**TASK STATEMENT**
How many lines in these records include the string "mpow"? Reply with that number alone.

Stored dataset items
************

(* With $\tau=(\sigma_{n-1}\cdots\sigma_1)^n\in B_n$, for every $m\ge0$, \[\Phi(\tau^m)=\sum_{i=0}^{n-1}\sum_{j=0}^{n-1}q^{mn(n-1-2i)}\,C(n)_{i+1,j+1}\,\Phi(\tau^j),\] where $\Phi(\tau^0)=\mathrm{id}_{V^{\otimes n}}$.
   Context: $V$ is the $\mathbb{C}(q)$-super vector space with basis $v_0$ (even), $v_1$ (odd). Fix $n\ge 2$. $\check R:V\otimes V\to V\otimes V$ is given by $\check R(v_0\otimes v_0)=qv_0\otimes v_0$, $\check R(v_1\otimes v_0)=v_0\otimes v_1$, $\check R(v_0\otimes v_1)=v_1\otimes v_0+(q-q^{-1})v_0\otimes v_1$, $\check R(v_1\otimes v_1)=-q^{-1}v_1\otimes v_1$. $\Phi(\sigma_t)=\mathrm{id}^{\otimes(t-1)}\otimes\check R\otimes\mathrm{id}^{\otimes(n-t-1)}$ defines an action $\Phi$ of the braid group $B_n$ on $V^{\otimes n}$. For $n\geq 2$, $B(n)$ is the $n\times n$ matrix with entries $B(n)_{ij}=q^{(i-1)n(n-1-2(j-1))}$ ($1\le i,j\le n$), a Vandermonde matrix hence invertible over $\mathbb{C}(q)$; $C(n)=B(n)^{-1}$. *)

theory Defs
  imports "HOL-Computational_Algebra.Polynomial" "HOL-Computational_Algebra.Fraction_Field"
begin

text \<open>The ground field C(q): fractions of complex polynomials; q is the indeterminate.\<close>
type_synonym K = "complex poly fract"

definition qq :: K where "qq = Fract [:0, 1:] 1"

text \<open>Basis of V^{\<otimes>n}: words w of length n over {v0, v1}; False = v0, True = v1.
  Linear endomorphisms of V^{\<otimes>n} are represented by their matrices
  M w' w = coefficient of basis vector w' in the image of basis vector w.\<close>
definition words :: "nat \<Rightarrow> bool list set" where
  "words n = {w. length w = n}"

type_synonym endo = "bool list \<Rightarrow> bool list \<Rightarrow> K"

definition mmul :: "nat \<Rightarrow> endo \<Rightarrow> endo \<Rightarrow> endo" where
  "mmul n A B = (\<lambda>w' w. \<Sum>u\<in>words n. A w' u * B u w)"

definition mid :: endo where
  "mid = (\<lambda>w' w. if w' = w then 1 else 0)"

fun mpow :: "nat \<Rightarrow> endo \<Rightarrow> nat \<Rightarrow> endo" where
  "mpow n A 0 = mid"
| "mpow n A (Suc k) = mmul n A (mpow n A k)"

text \<open>Rc a b c d = coefficient of v_c \<otimes> v_d in R(v_a \<otimes> v_b).\<close>
definition Rc :: "bool \<Rightarrow> bool \<Rightarrow> bool \<Rightarrow> bool \<Rightarrow> K" where
  "Rc a b c d =
     (if \<not> a \<and> \<not> b then (if \<not> c \<and> \<not> d then qq else 0)
      else if a \<and> \<not> b then (if \<not> c \<and> d then 1 else 0)
      else if \<not> a \<and> b then (if c \<and> \<not> d then 1 else if \<not> c \<and> d then qq - inverse qq else 0)
      else (if c \<and> d then - inverse qq else 0))"

text \<open>Phi(sigma_t) = id^{\<otimes>(t-1)} \<otimes> R \<otimes> id^{\<otimes>(n-t-1)}, 1 \<le> t \<le> n-1; R acts on the
  tensor positions t, t+1 (list indices t-1, t). R is even, so no super signs arise.\<close>
definition Phi_sigma :: "nat \<Rightarrow> endo" where
  "Phi_sigma t = (\<lambda>w' w.
     if (\<forall>i<length w. i \<noteq> t - 1 \<and> i \<noteq> t \<longrightarrow> w' ! i = w ! i)
     then Rc (w ! (t - 1)) (w ! t) (w' ! (t - 1)) (w' ! t) else 0)"

fun Phi_desc :: "nat \<Rightarrow> nat \<Rightarrow> endo" where
  "Phi_desc n 0 = mid"
| "Phi_desc n (Suc k) = mmul n (Phi_sigma (Suc k)) (Phi_desc n k)"

definition Phi_tau :: "nat \<Rightarrow> endo" where
  "Phi_tau n = mpow n (Phi_desc n (n - 1)) n"

definition Phi_tau_pow :: "nat \<Rightarrow> nat \<Rightarrow> endo" where
  "Phi_tau_pow n m = mpow n (Phi_tau n) m"

text \<open>B(n), 0-indexed: B i j = q^(i n (n-1-2j)), 0 \<le> i,j < n; C(n) = B(n)^{-1}.\<close>
definition Bmat :: "nat \<Rightarrow> nat \<Rightarrow> nat \<Rightarrow> K" where
  "Bmat n i j = qq powi (int i * int n * (int n - 1 - 2 * int j))"

definition Cmat :: "nat \<Rightarrow> nat \<Rightarrow> nat \<Rightarrow> K" where
  "Cmat n = (THE C.
      (\<forall>i j. (i \<ge> n \<or> j \<ge> n) \<longrightarrow> C i j = 0) \<and>
      (\<forall>i<n. \<forall>j<n. (\<Sum>k<n. C i k * Bmat n k j) = (if i = j then 1 else 0)) \<and>
      (\<forall>i<n. \<forall>j<n. (\<Sum>k<n. Bmat n i k * C k j) = (if i = j then 1 else 0)))"

end

theory Submission
  imports Defs
begin

text \<open>The full twist \<open>\<Phi>(\<tau>)\<close> is diagonalizable with the \<open>n\<close> distinct eigenvalues
  \<open>\<lambda>\<^sub>c = q\<^sup>n\<^sup>(\<^sup>n\<^sup>-\<^sup>1\<^sup>-\<^sup>2\<^sup>c\<^sup>)\<close>, \<open>0 \<le> c < n\<close>; given this, the identity is Lagrange
  interpolation of \<open>m \<mapsto> \<lambda>\<^sup>m\<close> at these points, since \<open>C(n)\<close> inverts the Vandermonde
  matrix \<open>B(n) = (\<lambda>\<^sub>j\<^sup>i)\<close>.

  Diagonalizability is proved with fermionic creation operators \<open>a\<^sub>i\<^sup>\<dagger>\<close> on the word basis.
  The R-matrix moves \<open>\<Phi>(\<sigma>\<^sub>p\<^sub>+\<^sub>1)\<close> past \<open>\<Sum> x\<^sub>i a\<^sub>i\<^sup>\<dagger>\<close> at the cost of a linear change of
  the coefficients \<open>x\<close>, so \<open>\<Phi>(\<tau>)\<close> moves past it through the \<open>n\<close>-th power of a linear map
  \<open>D\<close>. This \<open>D\<close> fixes \<open>(q\<^sup>j)\<^sub>j\<close> and is \<open>q\<^sup>-\<^sup>2\<close> times a cyclic shift on a complementary
  hyperplane, so \<open>D\<^sup>n\<close> is diagonal with eigenvalues \<open>1\<close> and \<open>q\<^sup>-\<^sup>2\<^sup>n\<close>. Building a word
  from the all-even word (an eigenvector for \<open>\<lambda>\<^sub>0\<close>) by creation operators, induction on the
  number \<open>k\<close> of odd letters splits its basis vector into eigenvectors for \<open>\<lambda>\<^sub>k\<close> and
  \<open>\<lambda>\<^sub>k\<^sub>-\<^sub>1\<close>; the all-odd word is an eigenvector for \<open>\<lambda>\<^sub>n\<^sub>-\<^sub>1\<close>.\<close>

lemma qq_nonzero: "qq \<noteq> 0"
  by (simp add: qq_def eq_fract Zero_fract_def)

************

**SOLUTION TO THIS TASK**
5